[[ Supplied entries open ]]
lemma hyperbolic_splitting:
  assumes sym: "symmetric_form b" and two: "(2::'k) \<noteq> 0 \<or> alternating b"
    and S: "subspace S" "tot_isotropic b S"
  shows "\<exists>U e f. subspace U \<and> hyperbolic_family b (dim S) e f \<and>
           (let H = span (e ` {..<dim S} \<union> f ` {..<dim S})
            in U \<inter> H = {0} \<and> (\<forall>x. \<exists>u\<in>U. \<exists>h\<in>H. x = u + h) \<and> (\<forall>u\<in>U. \<forall>h\<in>H. b u h = 0)) \<and>
           isometric_to_subquot se b U S (orth b S)"
proof -
  let ?m = "dim S"
  obtain B where B: "B \<subseteq> S" "independent B" "S \<subseteq> span B" "card B = ?m"
    by (rule basis_exists)
  have fin: "finite B" using B(2) finiteI_independent by blast
  obtain e where "bij_betw e {..<?m} B"
    using ex_bij_betw_nat_finite[OF fin] B(4) by (auto simp: atLeast0LessThan)
  then have inj_e: "inj_on e {..<?m}" and e_B: "e ` {..<?m} = B" by (auto simp: bij_betw_def)
  obtain g where g: "\<forall>u\<in>B. \<forall>v\<in>B. b u (g v) = (if u = v then 1 else 0)"
    using dual_basis_exists[OF left_nondegenerate fin B(2)] by blast
  have e_S: "e i \<in> S" if "i < ?m" for i using that e_B B(1) by auto
  have ee: "b (e i) (e j) = 0" if "i < ?m" "j < ?m" for i j
    using S(2) e_S[OF that(1)] e_S[OF that(2)] by (simp add: tot_isotropic_def)
  have eg: "b (e i) (g (e j)) = (if i = j then 1 else 0)" if "i < ?m" "j < ?m" for i j
    using g that e_B inj_onD[OF inj_e] by fastforce
  obtain f where hyp: "hyperbolic_family b ?m e f"
    using hyperbolic_partner_exists[OF sym two ee eg] by blast
  define H where "H = span (e ` {..<?m} \<union> f ` {..<?m})"
  define U where "U = orth b H"
  note dec = hyperbolic_decomposition[OF sym hyp, folded H_def U_def]
  have "S \<subseteq> H"
    using B(3) e_B span_mono[of "e ` {..<?m}" "e ` {..<?m} \<union> f ` {..<?m}"] by (auto simp: H_def)
  then have U_orth_S: "U \<subseteq> orth b S" and U_S: "U \<inter> S \<subseteq> {0}"
    using dec(1) orth_antimono by (auto simp: U_def)
  have U_cover: "\<exists>u\<in>U. x - u \<in> S" if "x \<in> orth b S" for x
  proof
    have "x \<in> orth b (e ` {..<?m})" using that e_S by (auto simp: orth_def)
    then show "x - (\<Sum>i<?m. b x (f i) *s e i) \<in> U" by (rule dec(3))
    show "x - (x - (\<Sum>i<?m. b x (f i) *s e i)) \<in> S"
      using e_S by (auto intro: subspace_sum[OF S(1)] subspace_scale[OF S(1)])
  qed
  have iso: "isometric_to_subquot se b U S (orth b S)"
    by (rule isometric_to_subquot_inclusion[OF U_orth_S U_S U_cover])
  have "U \<inter> H = {0} \<and> (\<forall>x. \<exists>u\<in>U. \<exists>h\<in>H. x = u + h) \<and>
      (\<forall>u\<in>U. \<forall>h\<in>H. b u h = 0)"
    using dec(1,2) by (simp add: U_def orth_def)
  then show ?thesis
    using hyp iso subspace_orth[of H] unfolding U_def[symmetric]
    by (intro exI[of _ U]) (rule exI[of _ e], rule exI[of _ f], simp add: Let_def flip: H_def)
qed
[[ Supplied entries closed ]]
Take each line of the listing above and set it down again exactly.

lemma hyperbolic_splitting:
  assumes sym: "symmetric_form b" and two: "(2::'k) \<noteq> 0 \<or> alternating b"
    and S: "subspace S" "tot_isotropic b S"
  shows "\<exists>U e f. subspace U \<and> hyperbolic_family b (dim S) e f \<and>
           (let H = span (e ` {..<dim S} \<union> f ` {..<dim S})
            in U \<inter> H = {0} \<and> (\<forall>x. \<exists>u\<in>U. \<exists>h\<in>H. x = u + h) \<and> (\<forall>u\<in>U. \<forall>h\<in>H. b u h = 0)) \<and>
           isometric_to_subquot se b U S (orth b S)"
proof -
  let ?m = "dim S"
  obtain B where B: "B \<subseteq> S" "independent B" "S \<subseteq> span B" "card B = ?m"
    by (rule basis_exists)
  have fin: "finite B" using B(2) finiteI_independent by blast
  obtain e where "bij_betw e {..<?m} B"
    using ex_bij_betw_nat_finite[OF fin] B(4) by (auto simp: atLeast0LessThan)
  then have inj_e: "inj_on e {..<?m}" and e_B: "e ` {..<?m} = B" by (auto simp: bij_betw_def)
  obtain g where g: "\<forall>u\<in>B. \<forall>v\<in>B. b u (g v) = (if u = v then 1 else 0)"
    using dual_basis_exists[OF left_nondegenerate fin B(2)] by blast
  have e_S: "e i \<in> S" if "i < ?m" for i using that e_B B(1) by auto
  have ee: "b (e i) (e j) = 0" if "i < ?m" "j < ?m" for i j
    using S(2) e_S[OF that(1)] e_S[OF that(2)] by (simp add: tot_isotropic_def)
  have eg: "b (e i) (g (e j)) = (if i = j then 1 else 0)" if "i < ?m" "j < ?m" for i j
    using g that e_B inj_onD[OF inj_e] by fastforce
  obtain f where hyp: "hyperbolic_family b ?m e f"
    using hyperbolic_partner_exists[OF sym two ee eg] by blast
  define H where "H = span (e ` {..<?m} \<union> f ` {..<?m})"
  define U where "U = orth b H"
  note dec = hyperbolic_decomposition[OF sym hyp, folded H_def U_def]
  have "S \<subseteq> H"
    using B(3) e_B span_mono[of "e ` {..<?m}" "e ` {..<?m} \<union> f ` {..<?m}"] by (auto simp: H_def)
  then have U_orth_S: "U \<subseteq> orth b S" and U_S: "U \<inter> S \<subseteq> {0}"
    using dec(1) orth_antimono by (auto simp: U_def)
  have U_cover: "\<exists>u\<in>U. x - u \<in> S" if "x \<in> orth b S" for x
  proof
    have "x \<in> orth b (e ` {..<?m})" using that e_S by (auto simp: orth_def)
    then show "x - (\<Sum>i<?m. b x (f i) *s e i) \<in> U" by (rule dec(3))
    show "x - (x - (\<Sum>i<?m. b x (f i) *s e i)) \<in> S"
      using e_S by (auto intro: subspace_sum[OF S(1)] subspace_scale[OF S(1)])
  qed
  have iso: "isometric_to_subquot se b U S (orth b S)"
    by (rule isometric_to_subquot_inclusion[OF U_orth_S U_S U_cover])
  have "U \<inter> H = {0} \<and> (\<forall>x. \<exists>u\<in>U. \<exists>h\<in>H. x = u + h) \<and>
      (\<forall>u\<in>U. \<forall>h\<in>H. b u h = 0)"
    using dec(1,2) by (simp add: U_def orth_def)
  then show ?thesis
    using hyp iso subspace_orth[of H] unfolding U_def[symmetric]
    by (intro exI[of _ U]) (rule exI[of _ e], rule exI[of _ f], simp add: Let_def flip: H_def)
qed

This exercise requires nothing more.